Unnamed: 0,Id,MSSubClass,LotFrontage,LotArea,OverallQual,OverallCond,YearBuilt,YearRemodAdd,MasVnrArea,BsmtFinSF1,...,SaleType_ConLD,SaleType_ConLI,SaleType_ConLw,SaleType_New,SaleType_WD,SaleCondition_Abnorml,SaleCondition_AdjLand,SaleCondition_Alloca,SaleCondition_Family,SaleCondition_Partial
0,1,60,65.0,8450,7,5,2003,2003,196.0,706,...,0,0,0,0,1,0,0,0,0,0
1,2,20,80.0,9600,6,8,1976,1976,0.0,978,...,0,0,0,0,1,0,0,0,0,0
2,3,60,68.0,11250,7,5,2001,2002,162.0,486,...,0,0,0,0,1,0,0,0,0,0
3,4,70,60.0,9550,7,5,1915,1970,0.0,216,...,0,0,0,0,1,1,0,0,0,0
4,5,60,84.0,14260,8,5,2000,2000,350.0,655,...,0,0,0,0,1,0,0,0,0,0


In [1]:
X = df.loc[:, df.columns != 'SalePrice']
X = X.loc[:, X.columns != 'Id']
y = df['SalePrice']

NameError: name 'df' is not defined

In [77]:
X.info()

<class 'pandas.core.frame.DataFrame'>
RangeIndex: 1460 entries, 0 to 1459
Columns: 261 entries, MSSubClass to SaleCondition_Partial
dtypes: float64(3), int64(33), uint8(225)
memory usage: 731.5 KB


In [64]:
from sklearn.cross_validation import train_test_split

X_train, X_test, y_train, y_test = train_test_split(X, y, test_size=0.3, random_state=42)



In [65]:
from sklearn import linear_model
ols = linear_model.LinearRegression()

ols.fit(X_train, y_train)

  linalg.lstsq(X, y)


LinearRegression(copy_X=True, fit_intercept=True, n_jobs=1, normalize=False)

In [66]:
print("R^2 for train set: %f" %ols.score(X_train, y_train))
print('-'*50)
print("R^2 for test  set: %f" %ols.score(X_test, y_test))

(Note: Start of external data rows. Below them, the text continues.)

lemma hlll_run_amortized_invariant:
  assumes "m > 0"
  shows "measure_pmf.prob (hlll_run m \<kappa> n) {x. amortized_invariant m L n x} \<ge> 1 - real n * (1/2) ^ L"
proof (induction n)
  case 0
  then show ?case by (simp add: amortized_invariant_init)
next
  case (Suc n)
  let ?step = "\<lambda>(s, c). map_pmf (\<lambda>y. case hlll_update m \<kappa> s y of (s', c') \<Rightarrow> (s', c + c')) (hash_pmf m)"
  have "measure_pmf.prob (?step x) {x. amortized_invariant m L (Suc n) x} \<ge> 1 - (1/2) ^ L"
    if "x \<in> {x. amortized_invariant m L n x}" for x
  proof -
    obtain s c where x: "x = (s, c)" by fastforce
    have "AE y in hash_pmf m. y \<in> {y. snd y \<le> L} \<longrightarrow>
            amortized_invariant m L (Suc n) (case hlll_update m \<kappa> s y of (s', c') \<Rightarrow> (s', c + c'))"
    proof (intro AE_pmfI impI)
      fix y assume "y \<in> set_pmf (hash_pmf m)" and "y \<in> {y. snd y \<le> L}"
      moreover obtain j r where "y = (j, r)" by fastforce
      ultimately show "amortized_invariant m L (Suc n) (case hlll_update m \<kappa> s y of (s', c') \<Rightarrow> (s', c + c'))"
        using that x fst_in_set_hash_pmf[OF assms] amortized_invariant_update[OF assms] by auto
    qed
    then have "measure_pmf.prob (hash_pmf m) {y. snd y \<le> L} \<le> measure_pmf.prob (?step x) {x. amortized_invariant m L (Suc n) x}"
      by (auto simp: x intro!: measure_pmf.finite_measure_mono_AE)
    then show ?thesis by (simp add: measure_hash_pmf_rho_le)
  qed
  then have "measure_pmf.prob (hlll_run m \<kappa> (Suc n)) {x. amortized_invariant m L (Suc n) x}
      \<ge> measure_pmf.prob (hlll_run m \<kappa> n) {x. amortized_invariant m L n x} - (1/2) ^ L"
    by (simp only: hlll_run.simps) (rule measure_bind_pmf_ge, auto)
  then show ?case using Suc.IH by (simp add: algebra_simps)
qed
lemma unit_cell_range:
  assumes "\<bar>x\<bar> \<le> real d" "1 \<le> d"
  shows "unit_cell d x \<in> {- int d..<int d}"
proof -
  have "- int d \<le> \<lfloor>x\<rfloor>" using assms(1) by (simp add: le_floor_iff)
  then show ?thesis using assms(2) by (auto simp: unit_cell_def)
qed

lemma unit_cell_eq_imp_close:
  assumes "x \<le> real d" "y \<le> real d" "unit_cell d x = unit_cell d y"
  shows "\<bar>x - y\<bar> \<le> 1"
proof -
  have upper: "z \<le> of_int (unit_cell d z) + 1" if "z \<le> real d" for z
    using that floor_correct[of z] by (auto simp: unit_cell_def min_def)
  have lower: "of_int (unit_cell d z) \<le> z" for z
    using floor_correct[of z] by (auto simp: unit_cell_def min_def not_less le_floor_iff)
  show ?thesis
    using upper[OF assms(1)] upper[OF assms(2)] lower[of x] lower[of y] assms(3) by linarith
qed

lemma exists_close_pair:
  fixes Q :: "nat \<Rightarrow> nat \<Rightarrow> real"
  assumes "1 \<le> d" "\<forall>j<n. \<forall>c<d. \<bar>Q j c\<bar> \<le> real d" "2 * (2 * d) ^ d < n"
  shows "\<exists>i j. i < j \<and> j < n \<and> 2 \<le> j - i \<and> j - i \<le> n - 2 \<and> (\<forall>c<d. \<bar>Q j c - Q i c\<bar> \<le> 1)"
proof -
  define cell where "cell = (\<lambda>j. \<lambda>c\<in>{..<d}. unit_cell d (Q j c))"
  define P where "P = (\<Pi>\<^sub>E c\<in>{..<d}. {- int d..<int d})"
  have "cell \<in> {..<n} \<rightarrow> P" using assms(1,2) unit_cell_range by (auto simp: cell_def P_def)
  moreover have "card P = (2 * d) ^ d"
    using nat_int[of "2 * d"] by (simp add: P_def card_PiE power_mult_distrib)
  moreover have "finite P" by (simp add: P_def finite_PiE)
  moreover from this calculation(2) have "P \<noteq> {}" using assms(1) by auto
  ultimately obtain y where "n \<le> card (cell -` {y} \<inter> {..<n}) * (2 * d) ^ d"
    using pigeonhole_card[of cell "{..<n}" P] by auto
  then have "2 * (2 * d) ^ d < card (cell -` {y} \<inter> {..<n}) * (2 * d) ^ d" using assms(3) by linarith
  then have three: "3 \<le> card (cell -` {y} \<inter> {..<n})"
    by simp
  have "2 * d \<le> (2 * d) ^ d" using assms(1) by (intro self_le_power) auto
  then have "4 \<le> n" using assms(1,3) by linarith
  then obtain i j where ij: "i < j" "j < n" "2 \<le> j - i" "j - i \<le> n - 2" "cell i = y" "cell j = y"
    using exists_pair_with_gap[OF three] by blast
  have "\<bar>Q j c - Q i c\<bar> \<le> 1" if "c < d" for c
  proof (rule unit_cell_eq_imp_close)
    have "i < n" using ij(1,2) by simp
    then show "Q j c \<le> real d" "Q i c \<le> real d" using assms(2) ij(2) that abs_le_D1 by blast+
    show "unit_cell d (Q j c) = unit_cell d (Q i c)"
      using fun_cong[OF ij(5), of c] fun_cong[OF ij(6), of c] that by (simp add: cell_def)
  qed
  with ij show ?thesis by blast
qed
(* Let $H$ be a Hilbert space, $A,B$ strictly positive bounded operators on $H$, $\mu\in\mathbb{R}$ and $\lambda>0$. Then, in the operator order, $$S_{\mu-2\lambda}(A|B)\le \tilde T_{\mu,2,-\lambda}(A|B)\le S_{\mu-\lambda}(A|B)\le \tilde T_{\mu,1,-\lambda}(A|B)\le S_\mu(A|B)$$ $$\le \tilde T_{\mu,1,\lambda}(A|B)\le S_{\mu+\lambda}(A|B)\le \tilde T_{\mu,2,\lambda}(A|B)\le S_{\mu+2\lambda}(A|B).$$
   Context: A bounded operator $T$ on $H$ is strictly positive ($T>0$) if $(Tx,x)\ge0$ for all $x$ and $T$ is invertible; $X\le Y$ means $((Y-X)x,x)\ge 0$ for all $x$. Powers and $\log$ of strictly positive operators are defined by functional calculus. For $A>0$, $B>0$ and $\nu\in\mathbb{R}$: $A\natural_\nu B=A^{1/2}(A^{-1/2}BA^{-1/2})^{\nu}A^{1/2}$, and the generalized relative operator entropy is $S_\nu(A|B)=A^{1/2}(A^{-1/2}BA^{-1/2})^{\nu}(\log A^{-1/2}BA^{-1/2})A^{1/2}$. For $\lambda,\mu\in\mathbb{R}$, $\lambda\ne 0$, $k\in\mathbb{Z}$, the generalized Tsallis relative operator entropy is $\tilde T_{\mu,k,\lambda}(A|B)=\dfrac{A\natural_{\mu+k\lambda}B-A\natural_{\mu+(k-1)\lambda}B}{\lambda}$. *)

theory Defs
  imports "HOL-Analysis.Analysis" "HOL-Computational_Algebra.Polynomial"
begin

definition bl_invertible :: "('a::real_normed_vector \<Rightarrow>\<^sub>L 'a) \<Rightarrow> bool" where
  "bl_invertible T \<longleftrightarrow> (\<exists>S. T o\<^sub>L S = id_blinfun \<and> S o\<^sub>L T = id_blinfun)"

definition self_adjoint :: "('a::real_inner \<Rightarrow>\<^sub>L 'a) \<Rightarrow> bool" where
  "self_adjoint T \<longleftrightarrow> (\<forall>x y. inner (T x) y = inner x (T y))"

definition strictly_positive :: "('a::real_inner \<Rightarrow>\<^sub>L 'a) \<Rightarrow> bool" where
  "strictly_positive T \<longleftrightarrow> self_adjoint T \<and> (\<forall>x. inner (T x) x \<ge> 0) \<and> bl_invertible T"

R^2 for train set: 0.940730
--------------------------------------------------
R^2 for test  set: -1.488488


So, as you can see, something is clearly wrong with this R^2 score, but I believe from the dataframe up top we can do a lot of feature selection/importance calculations to really trim it down since with the dummy columns it balooned up to 263 possible predictors.